** STORED DATA **
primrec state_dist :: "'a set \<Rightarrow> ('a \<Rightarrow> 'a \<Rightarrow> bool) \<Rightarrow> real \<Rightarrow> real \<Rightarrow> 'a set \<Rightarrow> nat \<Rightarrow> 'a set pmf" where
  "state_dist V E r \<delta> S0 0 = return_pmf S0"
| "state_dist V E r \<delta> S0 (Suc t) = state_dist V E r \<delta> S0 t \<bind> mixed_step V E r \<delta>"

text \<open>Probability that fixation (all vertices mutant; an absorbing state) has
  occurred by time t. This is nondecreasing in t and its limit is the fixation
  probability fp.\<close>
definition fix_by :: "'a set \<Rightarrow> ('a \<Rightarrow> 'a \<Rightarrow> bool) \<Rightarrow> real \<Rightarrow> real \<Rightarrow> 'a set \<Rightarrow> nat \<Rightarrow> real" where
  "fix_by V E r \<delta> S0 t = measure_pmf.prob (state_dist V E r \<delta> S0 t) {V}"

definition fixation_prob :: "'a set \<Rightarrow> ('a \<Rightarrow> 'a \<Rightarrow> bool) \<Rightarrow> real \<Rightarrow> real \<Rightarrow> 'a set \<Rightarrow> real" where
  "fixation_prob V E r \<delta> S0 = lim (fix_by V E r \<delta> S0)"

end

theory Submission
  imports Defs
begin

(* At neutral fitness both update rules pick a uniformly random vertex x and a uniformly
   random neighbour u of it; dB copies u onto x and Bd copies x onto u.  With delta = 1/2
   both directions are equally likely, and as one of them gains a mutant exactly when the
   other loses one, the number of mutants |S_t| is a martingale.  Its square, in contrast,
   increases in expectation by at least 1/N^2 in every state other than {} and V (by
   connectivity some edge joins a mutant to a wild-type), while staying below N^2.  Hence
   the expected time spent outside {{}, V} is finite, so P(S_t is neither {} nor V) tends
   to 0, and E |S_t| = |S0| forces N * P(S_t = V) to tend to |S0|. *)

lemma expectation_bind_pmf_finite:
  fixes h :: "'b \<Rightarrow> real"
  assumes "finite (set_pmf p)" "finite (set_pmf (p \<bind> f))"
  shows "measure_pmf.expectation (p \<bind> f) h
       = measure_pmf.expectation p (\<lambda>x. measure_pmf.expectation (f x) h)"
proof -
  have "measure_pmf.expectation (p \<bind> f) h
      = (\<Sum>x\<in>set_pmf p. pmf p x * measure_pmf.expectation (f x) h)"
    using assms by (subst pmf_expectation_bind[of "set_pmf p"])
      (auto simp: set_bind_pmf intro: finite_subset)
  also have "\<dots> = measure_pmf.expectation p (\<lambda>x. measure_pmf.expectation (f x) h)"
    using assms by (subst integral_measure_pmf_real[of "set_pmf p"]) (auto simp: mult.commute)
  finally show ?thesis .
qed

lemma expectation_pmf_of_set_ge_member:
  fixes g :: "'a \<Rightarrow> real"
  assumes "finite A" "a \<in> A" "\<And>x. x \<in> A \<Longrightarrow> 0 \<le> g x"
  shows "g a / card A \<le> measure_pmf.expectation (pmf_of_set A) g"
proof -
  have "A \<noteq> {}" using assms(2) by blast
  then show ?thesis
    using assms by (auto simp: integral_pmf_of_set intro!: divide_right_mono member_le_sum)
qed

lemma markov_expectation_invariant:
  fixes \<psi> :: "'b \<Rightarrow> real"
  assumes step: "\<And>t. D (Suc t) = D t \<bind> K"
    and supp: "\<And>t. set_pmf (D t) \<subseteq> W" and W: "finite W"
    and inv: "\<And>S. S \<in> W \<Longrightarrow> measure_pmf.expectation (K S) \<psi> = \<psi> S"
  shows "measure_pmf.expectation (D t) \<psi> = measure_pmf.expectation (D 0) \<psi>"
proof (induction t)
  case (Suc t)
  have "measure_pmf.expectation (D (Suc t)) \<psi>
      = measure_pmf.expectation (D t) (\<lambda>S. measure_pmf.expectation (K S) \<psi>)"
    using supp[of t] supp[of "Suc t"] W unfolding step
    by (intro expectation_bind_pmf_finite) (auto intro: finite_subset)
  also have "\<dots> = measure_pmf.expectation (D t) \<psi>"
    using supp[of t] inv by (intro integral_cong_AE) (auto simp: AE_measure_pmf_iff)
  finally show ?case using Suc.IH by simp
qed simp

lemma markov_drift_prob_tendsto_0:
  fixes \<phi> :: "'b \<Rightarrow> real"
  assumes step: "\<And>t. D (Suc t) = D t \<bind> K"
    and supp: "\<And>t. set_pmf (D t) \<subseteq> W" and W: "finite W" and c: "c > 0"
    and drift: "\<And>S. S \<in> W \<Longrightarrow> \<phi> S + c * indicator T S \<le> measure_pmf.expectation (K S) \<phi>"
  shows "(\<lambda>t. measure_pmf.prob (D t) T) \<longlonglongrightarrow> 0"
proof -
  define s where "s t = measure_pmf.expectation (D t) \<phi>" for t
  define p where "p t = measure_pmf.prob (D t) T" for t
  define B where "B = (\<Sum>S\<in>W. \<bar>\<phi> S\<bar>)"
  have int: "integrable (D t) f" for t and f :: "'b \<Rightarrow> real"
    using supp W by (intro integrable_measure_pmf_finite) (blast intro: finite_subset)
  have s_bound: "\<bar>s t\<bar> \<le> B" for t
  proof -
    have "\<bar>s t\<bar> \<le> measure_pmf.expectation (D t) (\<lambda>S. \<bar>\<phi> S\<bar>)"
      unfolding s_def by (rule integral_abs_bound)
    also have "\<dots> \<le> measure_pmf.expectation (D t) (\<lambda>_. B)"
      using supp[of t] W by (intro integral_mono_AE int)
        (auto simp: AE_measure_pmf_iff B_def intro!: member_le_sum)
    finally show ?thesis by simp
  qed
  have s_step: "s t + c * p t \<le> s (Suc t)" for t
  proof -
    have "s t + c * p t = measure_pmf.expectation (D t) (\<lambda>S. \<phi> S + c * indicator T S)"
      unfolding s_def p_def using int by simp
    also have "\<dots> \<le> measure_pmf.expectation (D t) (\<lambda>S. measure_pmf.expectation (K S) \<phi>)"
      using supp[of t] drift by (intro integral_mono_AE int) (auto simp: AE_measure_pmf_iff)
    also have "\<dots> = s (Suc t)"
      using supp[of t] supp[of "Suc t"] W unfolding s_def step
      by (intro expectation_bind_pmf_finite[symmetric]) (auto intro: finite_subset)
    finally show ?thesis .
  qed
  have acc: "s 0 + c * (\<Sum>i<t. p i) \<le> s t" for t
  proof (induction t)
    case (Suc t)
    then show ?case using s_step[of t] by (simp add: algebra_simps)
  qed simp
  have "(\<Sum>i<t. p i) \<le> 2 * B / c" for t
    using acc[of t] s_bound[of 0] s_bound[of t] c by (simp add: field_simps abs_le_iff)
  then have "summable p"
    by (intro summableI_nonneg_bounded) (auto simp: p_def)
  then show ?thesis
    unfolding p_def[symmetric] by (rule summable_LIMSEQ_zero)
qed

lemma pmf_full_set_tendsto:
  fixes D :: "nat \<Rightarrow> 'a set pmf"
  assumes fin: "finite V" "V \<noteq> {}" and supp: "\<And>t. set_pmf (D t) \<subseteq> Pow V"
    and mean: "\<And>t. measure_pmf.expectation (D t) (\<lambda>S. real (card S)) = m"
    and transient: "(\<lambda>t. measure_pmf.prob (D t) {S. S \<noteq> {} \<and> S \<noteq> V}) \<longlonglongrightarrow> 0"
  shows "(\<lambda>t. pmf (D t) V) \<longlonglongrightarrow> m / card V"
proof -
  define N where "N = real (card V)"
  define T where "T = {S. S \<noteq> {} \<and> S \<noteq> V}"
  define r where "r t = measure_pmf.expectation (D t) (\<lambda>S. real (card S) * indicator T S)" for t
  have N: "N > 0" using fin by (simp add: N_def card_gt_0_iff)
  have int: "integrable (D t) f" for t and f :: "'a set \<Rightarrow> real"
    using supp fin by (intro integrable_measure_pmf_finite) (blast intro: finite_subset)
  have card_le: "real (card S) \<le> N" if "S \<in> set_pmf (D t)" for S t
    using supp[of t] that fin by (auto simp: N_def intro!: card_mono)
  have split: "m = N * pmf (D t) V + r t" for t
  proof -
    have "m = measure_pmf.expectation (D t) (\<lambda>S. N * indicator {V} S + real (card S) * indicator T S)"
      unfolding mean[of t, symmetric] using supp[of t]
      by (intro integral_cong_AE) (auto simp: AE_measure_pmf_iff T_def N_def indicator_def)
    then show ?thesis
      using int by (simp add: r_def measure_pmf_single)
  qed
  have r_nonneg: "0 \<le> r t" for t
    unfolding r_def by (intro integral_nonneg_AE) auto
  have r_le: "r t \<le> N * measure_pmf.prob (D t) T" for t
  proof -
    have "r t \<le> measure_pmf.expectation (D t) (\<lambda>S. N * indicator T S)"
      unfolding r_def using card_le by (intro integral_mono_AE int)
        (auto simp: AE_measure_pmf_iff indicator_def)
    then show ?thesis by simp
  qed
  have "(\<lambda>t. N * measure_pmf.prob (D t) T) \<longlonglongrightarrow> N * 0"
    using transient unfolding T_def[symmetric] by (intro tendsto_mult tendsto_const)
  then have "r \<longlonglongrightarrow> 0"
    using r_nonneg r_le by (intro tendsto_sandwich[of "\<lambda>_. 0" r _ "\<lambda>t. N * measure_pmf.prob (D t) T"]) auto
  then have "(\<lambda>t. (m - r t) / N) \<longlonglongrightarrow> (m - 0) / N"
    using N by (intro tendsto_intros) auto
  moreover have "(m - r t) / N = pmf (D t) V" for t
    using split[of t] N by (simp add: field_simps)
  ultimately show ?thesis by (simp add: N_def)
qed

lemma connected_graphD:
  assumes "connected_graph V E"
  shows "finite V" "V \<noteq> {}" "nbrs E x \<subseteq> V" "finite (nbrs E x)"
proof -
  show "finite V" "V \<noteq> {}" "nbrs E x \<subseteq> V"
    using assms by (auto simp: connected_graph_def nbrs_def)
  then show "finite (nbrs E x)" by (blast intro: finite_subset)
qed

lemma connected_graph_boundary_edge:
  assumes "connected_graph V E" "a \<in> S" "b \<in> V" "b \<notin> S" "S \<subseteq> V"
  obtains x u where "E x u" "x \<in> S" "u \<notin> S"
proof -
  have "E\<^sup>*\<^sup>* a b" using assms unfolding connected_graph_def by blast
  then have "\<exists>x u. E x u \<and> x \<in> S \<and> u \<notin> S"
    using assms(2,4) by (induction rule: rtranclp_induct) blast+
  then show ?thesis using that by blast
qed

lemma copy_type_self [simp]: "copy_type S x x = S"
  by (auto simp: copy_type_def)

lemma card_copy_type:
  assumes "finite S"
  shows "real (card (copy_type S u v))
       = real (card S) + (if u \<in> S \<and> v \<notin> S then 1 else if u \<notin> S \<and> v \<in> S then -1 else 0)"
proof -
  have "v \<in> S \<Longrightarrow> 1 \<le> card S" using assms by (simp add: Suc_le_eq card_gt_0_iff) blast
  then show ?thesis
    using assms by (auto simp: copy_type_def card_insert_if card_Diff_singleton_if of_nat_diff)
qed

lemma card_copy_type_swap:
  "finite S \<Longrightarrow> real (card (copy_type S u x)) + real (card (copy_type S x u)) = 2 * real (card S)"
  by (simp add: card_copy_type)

==

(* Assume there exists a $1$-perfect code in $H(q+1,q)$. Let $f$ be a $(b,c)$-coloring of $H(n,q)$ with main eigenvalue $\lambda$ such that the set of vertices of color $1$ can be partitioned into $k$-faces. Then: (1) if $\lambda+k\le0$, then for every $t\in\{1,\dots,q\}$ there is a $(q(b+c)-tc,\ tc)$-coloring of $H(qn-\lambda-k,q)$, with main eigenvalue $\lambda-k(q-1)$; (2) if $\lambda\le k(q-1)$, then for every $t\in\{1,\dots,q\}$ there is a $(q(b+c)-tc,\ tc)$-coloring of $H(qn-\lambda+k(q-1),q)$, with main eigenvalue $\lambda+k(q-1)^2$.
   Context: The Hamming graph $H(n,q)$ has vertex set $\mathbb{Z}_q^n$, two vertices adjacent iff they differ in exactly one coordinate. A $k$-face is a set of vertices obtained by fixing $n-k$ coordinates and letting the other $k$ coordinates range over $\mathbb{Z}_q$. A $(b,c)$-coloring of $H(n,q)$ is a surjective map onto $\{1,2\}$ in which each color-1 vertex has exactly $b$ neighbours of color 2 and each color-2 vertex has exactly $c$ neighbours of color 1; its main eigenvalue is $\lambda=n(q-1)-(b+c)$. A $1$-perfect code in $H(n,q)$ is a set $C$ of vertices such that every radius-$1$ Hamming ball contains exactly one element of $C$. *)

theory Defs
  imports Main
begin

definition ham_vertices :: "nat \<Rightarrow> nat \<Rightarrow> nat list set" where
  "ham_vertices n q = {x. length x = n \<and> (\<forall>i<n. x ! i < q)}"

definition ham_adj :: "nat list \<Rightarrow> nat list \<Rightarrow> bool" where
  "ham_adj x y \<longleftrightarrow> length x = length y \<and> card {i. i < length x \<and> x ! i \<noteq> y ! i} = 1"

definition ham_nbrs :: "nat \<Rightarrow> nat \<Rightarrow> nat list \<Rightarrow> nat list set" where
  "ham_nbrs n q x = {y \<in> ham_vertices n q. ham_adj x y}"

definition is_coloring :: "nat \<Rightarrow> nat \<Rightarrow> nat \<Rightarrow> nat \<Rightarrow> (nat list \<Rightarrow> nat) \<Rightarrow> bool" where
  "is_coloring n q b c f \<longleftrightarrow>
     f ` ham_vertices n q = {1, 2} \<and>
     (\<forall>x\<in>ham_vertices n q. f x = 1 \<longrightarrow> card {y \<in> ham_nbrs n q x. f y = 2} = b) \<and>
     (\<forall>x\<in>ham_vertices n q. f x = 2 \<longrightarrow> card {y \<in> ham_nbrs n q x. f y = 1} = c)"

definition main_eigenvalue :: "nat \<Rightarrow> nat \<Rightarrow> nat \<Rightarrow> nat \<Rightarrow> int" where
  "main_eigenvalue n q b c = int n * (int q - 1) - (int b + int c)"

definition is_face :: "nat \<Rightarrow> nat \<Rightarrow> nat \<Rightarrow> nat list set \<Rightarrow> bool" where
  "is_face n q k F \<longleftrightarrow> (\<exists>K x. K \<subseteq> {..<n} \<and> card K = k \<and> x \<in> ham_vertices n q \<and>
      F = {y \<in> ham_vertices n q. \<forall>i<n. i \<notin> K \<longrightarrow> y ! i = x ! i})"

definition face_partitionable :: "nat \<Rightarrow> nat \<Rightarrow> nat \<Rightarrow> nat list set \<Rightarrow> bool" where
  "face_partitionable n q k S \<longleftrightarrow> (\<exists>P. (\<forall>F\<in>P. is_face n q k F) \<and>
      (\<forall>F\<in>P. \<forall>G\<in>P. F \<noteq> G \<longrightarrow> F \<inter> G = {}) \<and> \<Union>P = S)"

--

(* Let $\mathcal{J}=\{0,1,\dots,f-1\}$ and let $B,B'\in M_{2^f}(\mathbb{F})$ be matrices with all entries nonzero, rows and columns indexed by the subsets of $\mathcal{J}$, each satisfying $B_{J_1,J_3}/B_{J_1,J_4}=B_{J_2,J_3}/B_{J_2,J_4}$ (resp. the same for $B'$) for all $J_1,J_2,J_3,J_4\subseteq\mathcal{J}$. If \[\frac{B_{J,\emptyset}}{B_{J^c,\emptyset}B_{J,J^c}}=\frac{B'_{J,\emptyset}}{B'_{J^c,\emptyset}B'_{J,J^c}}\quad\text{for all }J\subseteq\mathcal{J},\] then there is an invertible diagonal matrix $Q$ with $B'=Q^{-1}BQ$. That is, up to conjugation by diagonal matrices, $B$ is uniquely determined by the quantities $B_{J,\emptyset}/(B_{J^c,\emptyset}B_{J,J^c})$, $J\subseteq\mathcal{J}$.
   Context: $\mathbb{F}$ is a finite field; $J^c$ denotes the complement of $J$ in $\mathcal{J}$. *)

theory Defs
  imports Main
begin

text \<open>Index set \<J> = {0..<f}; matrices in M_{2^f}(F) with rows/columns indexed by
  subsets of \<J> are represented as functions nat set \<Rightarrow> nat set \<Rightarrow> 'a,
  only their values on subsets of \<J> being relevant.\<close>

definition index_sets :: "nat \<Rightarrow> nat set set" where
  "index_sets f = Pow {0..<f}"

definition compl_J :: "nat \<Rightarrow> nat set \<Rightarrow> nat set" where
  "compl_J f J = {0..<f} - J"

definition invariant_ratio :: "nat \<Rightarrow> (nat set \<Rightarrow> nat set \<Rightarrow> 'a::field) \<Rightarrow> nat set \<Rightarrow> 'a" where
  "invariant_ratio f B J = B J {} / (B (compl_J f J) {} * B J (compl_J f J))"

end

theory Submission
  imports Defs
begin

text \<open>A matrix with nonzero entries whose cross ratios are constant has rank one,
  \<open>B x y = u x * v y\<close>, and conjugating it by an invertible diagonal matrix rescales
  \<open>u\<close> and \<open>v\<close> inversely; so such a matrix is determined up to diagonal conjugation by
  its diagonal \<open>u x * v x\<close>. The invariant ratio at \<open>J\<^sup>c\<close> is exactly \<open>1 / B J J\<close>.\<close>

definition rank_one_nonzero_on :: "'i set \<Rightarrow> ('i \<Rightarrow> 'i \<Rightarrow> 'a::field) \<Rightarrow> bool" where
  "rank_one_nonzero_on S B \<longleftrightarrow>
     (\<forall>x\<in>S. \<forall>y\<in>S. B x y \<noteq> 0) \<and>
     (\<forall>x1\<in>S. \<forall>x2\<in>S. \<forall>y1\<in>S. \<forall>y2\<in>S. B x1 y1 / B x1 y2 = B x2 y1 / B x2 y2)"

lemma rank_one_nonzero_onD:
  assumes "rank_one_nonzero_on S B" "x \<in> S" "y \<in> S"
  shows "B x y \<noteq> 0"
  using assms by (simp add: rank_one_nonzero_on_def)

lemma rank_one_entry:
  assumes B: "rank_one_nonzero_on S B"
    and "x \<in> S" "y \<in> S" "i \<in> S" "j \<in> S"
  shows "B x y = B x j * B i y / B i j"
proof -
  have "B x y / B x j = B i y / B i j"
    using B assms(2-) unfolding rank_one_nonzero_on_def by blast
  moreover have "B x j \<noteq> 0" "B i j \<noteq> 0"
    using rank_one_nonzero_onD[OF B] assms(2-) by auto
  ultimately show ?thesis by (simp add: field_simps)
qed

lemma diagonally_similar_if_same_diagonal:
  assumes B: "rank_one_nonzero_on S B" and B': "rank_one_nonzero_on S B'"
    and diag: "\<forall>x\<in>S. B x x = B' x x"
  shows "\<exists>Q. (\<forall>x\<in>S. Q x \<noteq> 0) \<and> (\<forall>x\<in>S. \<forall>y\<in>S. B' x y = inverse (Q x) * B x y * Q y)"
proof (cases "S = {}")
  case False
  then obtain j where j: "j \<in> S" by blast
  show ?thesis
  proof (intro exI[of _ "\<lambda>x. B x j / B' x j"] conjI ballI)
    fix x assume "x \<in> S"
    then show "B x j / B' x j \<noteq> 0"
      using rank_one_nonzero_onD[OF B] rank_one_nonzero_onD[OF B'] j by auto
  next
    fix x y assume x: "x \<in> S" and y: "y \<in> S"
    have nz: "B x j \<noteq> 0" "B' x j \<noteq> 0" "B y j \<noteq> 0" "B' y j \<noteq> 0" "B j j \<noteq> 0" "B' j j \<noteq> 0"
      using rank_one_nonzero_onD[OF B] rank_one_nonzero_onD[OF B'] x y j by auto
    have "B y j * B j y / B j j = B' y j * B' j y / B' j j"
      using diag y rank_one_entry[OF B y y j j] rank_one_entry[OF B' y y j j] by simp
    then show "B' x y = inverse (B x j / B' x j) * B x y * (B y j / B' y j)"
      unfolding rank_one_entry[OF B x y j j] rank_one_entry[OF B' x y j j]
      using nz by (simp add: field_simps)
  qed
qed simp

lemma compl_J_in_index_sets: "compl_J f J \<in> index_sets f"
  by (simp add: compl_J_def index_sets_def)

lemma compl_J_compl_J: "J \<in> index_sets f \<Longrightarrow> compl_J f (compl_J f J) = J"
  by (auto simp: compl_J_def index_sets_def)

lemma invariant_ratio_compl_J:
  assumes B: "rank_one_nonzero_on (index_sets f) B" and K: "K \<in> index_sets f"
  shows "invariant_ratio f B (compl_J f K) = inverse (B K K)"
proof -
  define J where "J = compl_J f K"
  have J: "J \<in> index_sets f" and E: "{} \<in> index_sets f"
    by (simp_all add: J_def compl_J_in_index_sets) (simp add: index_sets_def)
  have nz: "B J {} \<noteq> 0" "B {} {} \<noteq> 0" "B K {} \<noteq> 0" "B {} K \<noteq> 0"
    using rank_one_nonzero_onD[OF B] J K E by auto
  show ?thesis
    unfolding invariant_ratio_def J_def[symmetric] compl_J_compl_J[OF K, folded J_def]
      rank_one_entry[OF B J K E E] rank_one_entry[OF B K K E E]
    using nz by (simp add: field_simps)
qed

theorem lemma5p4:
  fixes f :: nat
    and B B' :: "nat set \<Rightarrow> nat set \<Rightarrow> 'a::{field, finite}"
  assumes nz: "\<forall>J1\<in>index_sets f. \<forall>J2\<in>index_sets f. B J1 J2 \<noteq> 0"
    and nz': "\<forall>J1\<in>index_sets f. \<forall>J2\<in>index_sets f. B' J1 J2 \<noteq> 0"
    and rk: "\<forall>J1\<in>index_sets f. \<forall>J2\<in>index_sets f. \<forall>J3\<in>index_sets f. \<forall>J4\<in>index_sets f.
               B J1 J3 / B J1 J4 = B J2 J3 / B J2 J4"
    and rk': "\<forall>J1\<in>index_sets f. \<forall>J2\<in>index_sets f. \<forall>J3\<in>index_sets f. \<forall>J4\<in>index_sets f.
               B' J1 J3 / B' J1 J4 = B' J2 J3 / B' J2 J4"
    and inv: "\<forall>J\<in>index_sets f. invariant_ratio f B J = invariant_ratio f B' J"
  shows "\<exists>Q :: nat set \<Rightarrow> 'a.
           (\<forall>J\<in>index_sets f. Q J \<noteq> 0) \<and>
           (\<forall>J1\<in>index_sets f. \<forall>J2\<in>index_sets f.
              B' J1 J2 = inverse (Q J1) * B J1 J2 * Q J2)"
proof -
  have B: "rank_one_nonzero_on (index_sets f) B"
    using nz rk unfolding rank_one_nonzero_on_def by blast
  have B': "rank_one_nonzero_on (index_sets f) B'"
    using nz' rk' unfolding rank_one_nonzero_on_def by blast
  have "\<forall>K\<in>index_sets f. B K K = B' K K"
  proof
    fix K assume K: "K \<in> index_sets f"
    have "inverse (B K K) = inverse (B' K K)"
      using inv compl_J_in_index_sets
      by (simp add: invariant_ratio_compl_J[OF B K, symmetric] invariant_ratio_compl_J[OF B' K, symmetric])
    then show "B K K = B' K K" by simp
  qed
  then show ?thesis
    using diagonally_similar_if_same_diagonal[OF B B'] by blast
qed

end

** WHAT TO PRODUCE **
Respond with a number only: how many lines in the material contain the string "open"?

** ANSWER TO THE EXERCISE **
6